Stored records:
◇ ◇ ◇ ◇ ◇ ◇ ◇

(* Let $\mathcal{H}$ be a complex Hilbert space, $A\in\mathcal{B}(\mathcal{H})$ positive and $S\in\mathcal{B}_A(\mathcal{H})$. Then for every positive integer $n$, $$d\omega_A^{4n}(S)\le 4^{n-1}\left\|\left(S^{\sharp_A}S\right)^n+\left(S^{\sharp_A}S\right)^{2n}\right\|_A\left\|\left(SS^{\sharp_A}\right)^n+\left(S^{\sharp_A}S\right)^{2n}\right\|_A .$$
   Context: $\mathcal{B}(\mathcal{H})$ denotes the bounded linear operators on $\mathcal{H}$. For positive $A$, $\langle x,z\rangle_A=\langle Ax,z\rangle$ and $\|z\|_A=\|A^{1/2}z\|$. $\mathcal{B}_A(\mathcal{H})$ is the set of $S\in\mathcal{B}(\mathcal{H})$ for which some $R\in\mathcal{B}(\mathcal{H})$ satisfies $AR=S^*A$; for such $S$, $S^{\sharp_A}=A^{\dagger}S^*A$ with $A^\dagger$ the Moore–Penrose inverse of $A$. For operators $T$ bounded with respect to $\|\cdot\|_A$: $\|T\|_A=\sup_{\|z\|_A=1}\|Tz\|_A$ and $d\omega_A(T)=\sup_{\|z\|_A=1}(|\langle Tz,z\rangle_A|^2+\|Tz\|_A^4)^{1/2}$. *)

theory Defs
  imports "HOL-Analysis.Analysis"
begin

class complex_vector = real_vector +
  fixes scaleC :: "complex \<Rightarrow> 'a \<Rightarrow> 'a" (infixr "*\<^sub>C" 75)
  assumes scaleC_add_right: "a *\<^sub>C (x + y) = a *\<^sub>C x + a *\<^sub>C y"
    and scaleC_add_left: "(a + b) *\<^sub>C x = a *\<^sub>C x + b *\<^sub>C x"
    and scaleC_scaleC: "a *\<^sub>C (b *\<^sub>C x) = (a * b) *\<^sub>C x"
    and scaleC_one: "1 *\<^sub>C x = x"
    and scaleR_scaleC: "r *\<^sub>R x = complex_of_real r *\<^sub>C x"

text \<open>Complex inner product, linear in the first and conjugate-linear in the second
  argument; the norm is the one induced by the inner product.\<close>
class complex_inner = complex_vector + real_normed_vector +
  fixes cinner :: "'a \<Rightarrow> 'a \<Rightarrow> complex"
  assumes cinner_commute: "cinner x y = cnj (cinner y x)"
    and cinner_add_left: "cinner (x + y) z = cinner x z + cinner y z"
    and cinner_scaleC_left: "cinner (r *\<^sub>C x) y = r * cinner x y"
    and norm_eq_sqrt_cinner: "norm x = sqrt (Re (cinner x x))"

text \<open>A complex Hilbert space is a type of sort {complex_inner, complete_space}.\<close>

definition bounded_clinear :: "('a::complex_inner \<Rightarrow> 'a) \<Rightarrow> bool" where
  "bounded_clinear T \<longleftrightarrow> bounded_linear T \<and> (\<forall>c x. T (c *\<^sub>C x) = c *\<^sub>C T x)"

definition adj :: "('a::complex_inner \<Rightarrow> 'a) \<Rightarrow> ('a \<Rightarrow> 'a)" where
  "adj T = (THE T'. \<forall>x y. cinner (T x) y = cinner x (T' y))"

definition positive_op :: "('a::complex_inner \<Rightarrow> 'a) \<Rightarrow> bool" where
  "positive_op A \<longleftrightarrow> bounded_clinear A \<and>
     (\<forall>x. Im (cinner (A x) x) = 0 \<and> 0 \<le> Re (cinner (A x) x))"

◇ ◇ ◇ ◇ ◇ ◇ ◇

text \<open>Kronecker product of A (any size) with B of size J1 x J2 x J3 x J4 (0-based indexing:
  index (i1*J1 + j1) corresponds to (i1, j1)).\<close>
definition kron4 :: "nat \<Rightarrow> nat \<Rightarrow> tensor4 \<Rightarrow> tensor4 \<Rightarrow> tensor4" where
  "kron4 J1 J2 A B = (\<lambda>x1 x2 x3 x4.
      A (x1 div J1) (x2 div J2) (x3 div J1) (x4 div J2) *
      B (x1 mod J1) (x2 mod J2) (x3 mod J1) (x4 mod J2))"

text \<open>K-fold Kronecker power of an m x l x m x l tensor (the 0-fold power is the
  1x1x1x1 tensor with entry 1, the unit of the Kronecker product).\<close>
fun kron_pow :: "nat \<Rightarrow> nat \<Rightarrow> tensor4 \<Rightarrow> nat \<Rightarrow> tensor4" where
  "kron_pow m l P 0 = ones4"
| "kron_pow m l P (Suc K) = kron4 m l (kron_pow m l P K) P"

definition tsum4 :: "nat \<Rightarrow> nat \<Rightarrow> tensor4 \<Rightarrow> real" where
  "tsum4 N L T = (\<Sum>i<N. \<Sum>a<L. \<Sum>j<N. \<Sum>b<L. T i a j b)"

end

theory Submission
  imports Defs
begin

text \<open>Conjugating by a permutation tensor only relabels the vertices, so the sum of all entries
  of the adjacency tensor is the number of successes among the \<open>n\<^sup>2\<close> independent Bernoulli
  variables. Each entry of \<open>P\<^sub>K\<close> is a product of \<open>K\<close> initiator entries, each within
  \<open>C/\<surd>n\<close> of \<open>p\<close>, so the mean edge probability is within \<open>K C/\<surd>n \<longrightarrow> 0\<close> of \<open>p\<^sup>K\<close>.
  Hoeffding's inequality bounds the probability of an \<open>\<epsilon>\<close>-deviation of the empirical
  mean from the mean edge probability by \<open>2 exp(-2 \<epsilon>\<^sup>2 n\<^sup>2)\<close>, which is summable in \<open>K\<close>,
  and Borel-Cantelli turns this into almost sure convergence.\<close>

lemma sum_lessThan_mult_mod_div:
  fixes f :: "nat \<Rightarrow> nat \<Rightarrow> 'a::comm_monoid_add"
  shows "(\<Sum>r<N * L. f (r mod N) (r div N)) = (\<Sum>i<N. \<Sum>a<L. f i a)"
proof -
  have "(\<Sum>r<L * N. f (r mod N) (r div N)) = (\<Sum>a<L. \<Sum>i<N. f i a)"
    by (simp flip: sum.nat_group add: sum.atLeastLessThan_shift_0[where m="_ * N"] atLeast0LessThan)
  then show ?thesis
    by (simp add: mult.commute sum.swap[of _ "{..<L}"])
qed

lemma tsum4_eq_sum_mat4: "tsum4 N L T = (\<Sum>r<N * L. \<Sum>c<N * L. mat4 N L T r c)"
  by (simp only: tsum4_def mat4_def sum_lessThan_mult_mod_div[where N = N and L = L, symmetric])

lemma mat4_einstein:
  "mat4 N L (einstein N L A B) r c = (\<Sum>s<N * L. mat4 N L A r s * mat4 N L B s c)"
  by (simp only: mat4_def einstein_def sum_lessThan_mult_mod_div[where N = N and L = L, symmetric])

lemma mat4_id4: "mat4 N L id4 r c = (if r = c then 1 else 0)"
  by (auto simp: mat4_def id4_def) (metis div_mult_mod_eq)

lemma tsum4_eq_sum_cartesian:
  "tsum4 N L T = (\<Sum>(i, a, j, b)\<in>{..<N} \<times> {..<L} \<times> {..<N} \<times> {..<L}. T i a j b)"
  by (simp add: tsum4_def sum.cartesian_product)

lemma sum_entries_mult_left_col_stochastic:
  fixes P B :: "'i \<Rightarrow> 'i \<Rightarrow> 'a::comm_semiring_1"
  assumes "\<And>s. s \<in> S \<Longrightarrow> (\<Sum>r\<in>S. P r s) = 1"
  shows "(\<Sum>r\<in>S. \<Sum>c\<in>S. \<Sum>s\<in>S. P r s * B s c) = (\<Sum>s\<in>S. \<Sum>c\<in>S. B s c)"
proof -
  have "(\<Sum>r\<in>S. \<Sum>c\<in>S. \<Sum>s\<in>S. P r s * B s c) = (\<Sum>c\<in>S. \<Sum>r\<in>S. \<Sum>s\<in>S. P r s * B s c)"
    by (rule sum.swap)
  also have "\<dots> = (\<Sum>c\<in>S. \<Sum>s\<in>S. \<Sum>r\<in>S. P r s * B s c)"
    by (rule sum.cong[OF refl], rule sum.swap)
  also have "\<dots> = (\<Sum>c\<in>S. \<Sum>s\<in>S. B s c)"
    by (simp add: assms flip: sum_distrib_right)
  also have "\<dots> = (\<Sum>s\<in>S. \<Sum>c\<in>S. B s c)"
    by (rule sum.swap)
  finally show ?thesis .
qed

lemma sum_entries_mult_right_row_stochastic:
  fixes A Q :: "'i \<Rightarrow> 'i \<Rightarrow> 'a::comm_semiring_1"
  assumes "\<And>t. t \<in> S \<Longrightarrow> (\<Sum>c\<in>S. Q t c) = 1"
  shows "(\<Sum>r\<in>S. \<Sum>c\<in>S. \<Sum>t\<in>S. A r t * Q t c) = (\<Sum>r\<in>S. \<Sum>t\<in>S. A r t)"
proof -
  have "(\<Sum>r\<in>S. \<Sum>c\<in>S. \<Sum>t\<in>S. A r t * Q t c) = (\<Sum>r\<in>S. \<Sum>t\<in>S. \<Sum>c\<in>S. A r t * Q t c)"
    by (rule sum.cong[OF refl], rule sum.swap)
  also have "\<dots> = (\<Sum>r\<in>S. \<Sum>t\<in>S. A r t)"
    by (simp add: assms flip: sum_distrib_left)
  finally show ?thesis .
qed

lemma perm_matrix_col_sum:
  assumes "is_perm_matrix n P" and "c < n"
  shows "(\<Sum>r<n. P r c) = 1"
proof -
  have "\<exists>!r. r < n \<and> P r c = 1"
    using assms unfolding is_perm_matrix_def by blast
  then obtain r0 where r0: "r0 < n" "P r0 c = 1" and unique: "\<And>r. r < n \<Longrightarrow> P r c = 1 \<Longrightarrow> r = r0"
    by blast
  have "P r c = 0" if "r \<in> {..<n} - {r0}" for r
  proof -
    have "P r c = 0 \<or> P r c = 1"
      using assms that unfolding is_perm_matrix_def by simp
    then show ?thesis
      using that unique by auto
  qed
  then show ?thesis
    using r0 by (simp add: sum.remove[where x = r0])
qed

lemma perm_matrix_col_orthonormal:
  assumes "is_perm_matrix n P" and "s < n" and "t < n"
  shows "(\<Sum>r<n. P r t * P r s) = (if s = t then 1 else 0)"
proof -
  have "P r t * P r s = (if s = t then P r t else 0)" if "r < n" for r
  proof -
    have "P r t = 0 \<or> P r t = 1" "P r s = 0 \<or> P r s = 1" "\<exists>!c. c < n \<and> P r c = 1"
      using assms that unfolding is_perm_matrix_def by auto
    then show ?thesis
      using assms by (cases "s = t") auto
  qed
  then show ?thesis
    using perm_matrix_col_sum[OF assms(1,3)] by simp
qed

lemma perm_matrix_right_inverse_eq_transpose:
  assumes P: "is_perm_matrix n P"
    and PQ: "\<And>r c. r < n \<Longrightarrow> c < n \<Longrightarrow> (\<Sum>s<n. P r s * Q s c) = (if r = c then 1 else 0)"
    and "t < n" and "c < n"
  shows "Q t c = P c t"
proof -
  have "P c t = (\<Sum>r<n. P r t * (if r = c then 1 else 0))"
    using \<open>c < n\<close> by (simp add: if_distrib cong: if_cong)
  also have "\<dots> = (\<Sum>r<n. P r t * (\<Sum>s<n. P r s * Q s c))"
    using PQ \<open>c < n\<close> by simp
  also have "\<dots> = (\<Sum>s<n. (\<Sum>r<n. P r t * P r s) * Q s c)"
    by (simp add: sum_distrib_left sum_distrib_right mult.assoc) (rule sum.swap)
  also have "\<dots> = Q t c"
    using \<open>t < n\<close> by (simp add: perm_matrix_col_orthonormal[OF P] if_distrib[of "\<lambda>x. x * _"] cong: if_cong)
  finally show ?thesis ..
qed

◇ ◇ ◇ ◇ ◇ ◇ ◇

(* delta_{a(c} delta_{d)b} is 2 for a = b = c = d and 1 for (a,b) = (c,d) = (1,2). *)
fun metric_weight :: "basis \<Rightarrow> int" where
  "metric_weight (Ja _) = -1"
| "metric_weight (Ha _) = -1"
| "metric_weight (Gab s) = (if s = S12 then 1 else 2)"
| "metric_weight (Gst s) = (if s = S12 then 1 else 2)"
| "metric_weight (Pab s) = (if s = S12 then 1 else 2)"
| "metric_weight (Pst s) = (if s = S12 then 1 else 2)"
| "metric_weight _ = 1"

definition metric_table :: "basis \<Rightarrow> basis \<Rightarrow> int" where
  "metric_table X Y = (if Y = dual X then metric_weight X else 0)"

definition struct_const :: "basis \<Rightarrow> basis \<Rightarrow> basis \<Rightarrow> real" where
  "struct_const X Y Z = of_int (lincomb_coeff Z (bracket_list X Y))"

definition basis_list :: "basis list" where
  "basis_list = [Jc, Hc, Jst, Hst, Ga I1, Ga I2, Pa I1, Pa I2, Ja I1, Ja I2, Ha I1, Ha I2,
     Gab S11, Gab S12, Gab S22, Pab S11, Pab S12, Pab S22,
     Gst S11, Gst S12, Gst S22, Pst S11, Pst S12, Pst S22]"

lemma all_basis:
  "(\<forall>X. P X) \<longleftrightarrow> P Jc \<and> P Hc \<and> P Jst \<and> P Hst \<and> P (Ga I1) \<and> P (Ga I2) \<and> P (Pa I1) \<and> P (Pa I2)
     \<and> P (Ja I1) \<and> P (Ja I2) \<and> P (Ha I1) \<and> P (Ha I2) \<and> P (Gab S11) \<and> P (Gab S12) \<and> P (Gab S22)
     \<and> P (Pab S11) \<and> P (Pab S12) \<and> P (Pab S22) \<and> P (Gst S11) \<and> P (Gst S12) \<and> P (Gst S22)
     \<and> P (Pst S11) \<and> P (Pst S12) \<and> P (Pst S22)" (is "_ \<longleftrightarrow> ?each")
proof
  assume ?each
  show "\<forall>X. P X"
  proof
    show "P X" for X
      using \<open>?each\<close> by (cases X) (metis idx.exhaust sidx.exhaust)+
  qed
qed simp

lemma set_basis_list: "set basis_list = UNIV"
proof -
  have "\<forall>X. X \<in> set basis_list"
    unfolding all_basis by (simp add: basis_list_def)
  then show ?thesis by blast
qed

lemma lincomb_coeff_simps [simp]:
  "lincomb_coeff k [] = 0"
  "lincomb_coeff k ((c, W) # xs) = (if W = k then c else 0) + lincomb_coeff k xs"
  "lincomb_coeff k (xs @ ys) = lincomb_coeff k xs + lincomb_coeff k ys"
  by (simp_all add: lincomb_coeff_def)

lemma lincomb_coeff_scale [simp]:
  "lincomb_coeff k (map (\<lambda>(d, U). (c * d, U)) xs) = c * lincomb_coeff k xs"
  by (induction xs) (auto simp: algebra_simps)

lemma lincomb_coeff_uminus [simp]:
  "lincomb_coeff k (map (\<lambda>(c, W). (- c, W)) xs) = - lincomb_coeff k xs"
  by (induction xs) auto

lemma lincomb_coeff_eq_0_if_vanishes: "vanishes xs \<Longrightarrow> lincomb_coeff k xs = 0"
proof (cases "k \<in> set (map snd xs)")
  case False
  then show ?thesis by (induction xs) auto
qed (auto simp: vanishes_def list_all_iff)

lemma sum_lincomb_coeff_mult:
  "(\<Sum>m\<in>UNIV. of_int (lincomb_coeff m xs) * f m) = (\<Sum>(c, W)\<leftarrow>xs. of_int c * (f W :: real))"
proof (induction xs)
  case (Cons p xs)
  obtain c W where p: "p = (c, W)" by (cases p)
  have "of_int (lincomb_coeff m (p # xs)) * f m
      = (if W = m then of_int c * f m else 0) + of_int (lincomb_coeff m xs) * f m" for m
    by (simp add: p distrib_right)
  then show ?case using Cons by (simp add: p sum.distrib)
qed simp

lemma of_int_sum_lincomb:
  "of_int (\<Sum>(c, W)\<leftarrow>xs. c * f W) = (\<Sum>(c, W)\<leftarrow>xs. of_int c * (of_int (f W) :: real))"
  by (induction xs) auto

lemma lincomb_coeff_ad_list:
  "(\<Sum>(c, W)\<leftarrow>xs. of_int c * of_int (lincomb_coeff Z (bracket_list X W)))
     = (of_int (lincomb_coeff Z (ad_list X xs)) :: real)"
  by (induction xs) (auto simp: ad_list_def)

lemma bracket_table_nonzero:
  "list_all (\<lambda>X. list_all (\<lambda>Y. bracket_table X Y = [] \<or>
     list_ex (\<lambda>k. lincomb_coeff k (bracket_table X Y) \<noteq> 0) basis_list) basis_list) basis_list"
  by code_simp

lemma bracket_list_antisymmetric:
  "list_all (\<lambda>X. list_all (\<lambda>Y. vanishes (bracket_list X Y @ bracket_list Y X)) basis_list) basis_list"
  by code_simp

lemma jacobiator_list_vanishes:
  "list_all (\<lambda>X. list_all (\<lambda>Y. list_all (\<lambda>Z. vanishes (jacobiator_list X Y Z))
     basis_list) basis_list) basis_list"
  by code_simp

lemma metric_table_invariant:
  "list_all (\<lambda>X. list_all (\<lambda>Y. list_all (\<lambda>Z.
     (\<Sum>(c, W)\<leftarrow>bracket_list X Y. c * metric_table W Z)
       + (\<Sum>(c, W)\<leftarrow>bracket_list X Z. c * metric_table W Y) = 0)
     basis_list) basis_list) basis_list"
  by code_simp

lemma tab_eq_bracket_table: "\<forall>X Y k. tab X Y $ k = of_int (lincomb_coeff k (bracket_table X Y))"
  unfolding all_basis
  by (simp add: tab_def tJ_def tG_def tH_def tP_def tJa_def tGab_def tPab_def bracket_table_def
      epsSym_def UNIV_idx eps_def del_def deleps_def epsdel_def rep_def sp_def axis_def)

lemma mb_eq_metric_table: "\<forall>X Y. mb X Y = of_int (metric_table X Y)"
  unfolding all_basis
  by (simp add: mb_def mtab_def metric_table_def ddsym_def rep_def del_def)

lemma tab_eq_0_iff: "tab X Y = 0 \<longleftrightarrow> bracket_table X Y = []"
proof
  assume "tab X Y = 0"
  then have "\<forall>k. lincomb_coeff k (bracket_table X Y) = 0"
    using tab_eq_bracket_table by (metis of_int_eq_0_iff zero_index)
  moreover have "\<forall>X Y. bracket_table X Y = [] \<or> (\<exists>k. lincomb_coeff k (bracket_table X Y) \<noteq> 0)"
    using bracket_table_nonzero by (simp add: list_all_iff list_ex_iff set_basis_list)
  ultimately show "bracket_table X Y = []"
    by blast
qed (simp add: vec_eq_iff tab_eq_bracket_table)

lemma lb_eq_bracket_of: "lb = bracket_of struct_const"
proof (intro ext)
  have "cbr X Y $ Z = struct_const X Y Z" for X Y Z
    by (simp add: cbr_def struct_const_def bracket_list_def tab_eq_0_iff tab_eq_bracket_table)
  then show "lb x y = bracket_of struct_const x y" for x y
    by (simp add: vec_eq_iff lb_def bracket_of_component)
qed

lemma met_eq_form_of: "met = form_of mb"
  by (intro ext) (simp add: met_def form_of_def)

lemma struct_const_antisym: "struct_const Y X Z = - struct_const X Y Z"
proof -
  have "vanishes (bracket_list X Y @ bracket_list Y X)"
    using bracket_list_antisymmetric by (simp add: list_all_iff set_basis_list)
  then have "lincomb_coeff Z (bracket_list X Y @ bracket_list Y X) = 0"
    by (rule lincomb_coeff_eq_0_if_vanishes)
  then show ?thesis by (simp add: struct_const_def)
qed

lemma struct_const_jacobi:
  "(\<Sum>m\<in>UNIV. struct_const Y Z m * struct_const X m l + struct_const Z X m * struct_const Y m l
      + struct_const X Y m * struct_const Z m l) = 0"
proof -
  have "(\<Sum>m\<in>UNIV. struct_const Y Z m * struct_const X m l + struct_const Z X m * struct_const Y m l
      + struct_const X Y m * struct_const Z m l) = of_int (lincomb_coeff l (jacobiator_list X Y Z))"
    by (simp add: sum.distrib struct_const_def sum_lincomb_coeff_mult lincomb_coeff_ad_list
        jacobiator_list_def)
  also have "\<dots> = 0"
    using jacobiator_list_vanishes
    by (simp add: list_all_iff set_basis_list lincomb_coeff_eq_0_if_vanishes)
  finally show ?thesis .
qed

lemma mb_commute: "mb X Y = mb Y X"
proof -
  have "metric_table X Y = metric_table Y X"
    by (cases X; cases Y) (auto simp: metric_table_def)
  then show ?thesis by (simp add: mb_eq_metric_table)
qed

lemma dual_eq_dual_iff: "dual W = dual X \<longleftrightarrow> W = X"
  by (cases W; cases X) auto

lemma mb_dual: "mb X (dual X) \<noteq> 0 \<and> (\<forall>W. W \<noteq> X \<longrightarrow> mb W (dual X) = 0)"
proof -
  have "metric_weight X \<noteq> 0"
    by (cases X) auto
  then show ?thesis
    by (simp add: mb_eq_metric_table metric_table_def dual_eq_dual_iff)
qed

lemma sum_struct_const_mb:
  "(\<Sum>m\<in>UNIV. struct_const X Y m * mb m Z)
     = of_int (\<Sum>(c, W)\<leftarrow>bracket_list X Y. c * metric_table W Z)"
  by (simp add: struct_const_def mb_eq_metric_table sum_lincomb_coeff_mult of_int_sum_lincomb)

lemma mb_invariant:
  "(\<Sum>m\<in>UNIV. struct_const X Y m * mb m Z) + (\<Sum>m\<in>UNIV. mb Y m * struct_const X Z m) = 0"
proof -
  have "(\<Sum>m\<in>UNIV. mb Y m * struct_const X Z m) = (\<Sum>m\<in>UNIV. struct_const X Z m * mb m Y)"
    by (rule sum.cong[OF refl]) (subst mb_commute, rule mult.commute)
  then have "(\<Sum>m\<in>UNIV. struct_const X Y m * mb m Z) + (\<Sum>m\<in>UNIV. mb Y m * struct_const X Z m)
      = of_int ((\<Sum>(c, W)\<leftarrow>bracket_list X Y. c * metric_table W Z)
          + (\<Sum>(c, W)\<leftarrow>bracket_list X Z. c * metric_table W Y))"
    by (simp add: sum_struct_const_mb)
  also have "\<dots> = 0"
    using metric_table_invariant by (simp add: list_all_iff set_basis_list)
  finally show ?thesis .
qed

◇ ◇ ◇ ◇ ◇ ◇ ◇

WHAT TO WORK ON — From the entries above, select each line containing the string "rule".

WRITTEN SOLUTION —
    by (rule sum.swap)
    by (rule sum.cong[OF refl], rule sum.swap)
    by (rule sum.swap)
    by (rule sum.cong[OF refl], rule sum.swap)
    by (simp add: sum_distrib_left sum_distrib_right mult.assoc) (rule sum.swap)
    by (rule lincomb_coeff_eq_0_if_vanishes)
    by (rule sum.cong[OF refl]) (subst mb_commute, rule mult.commute)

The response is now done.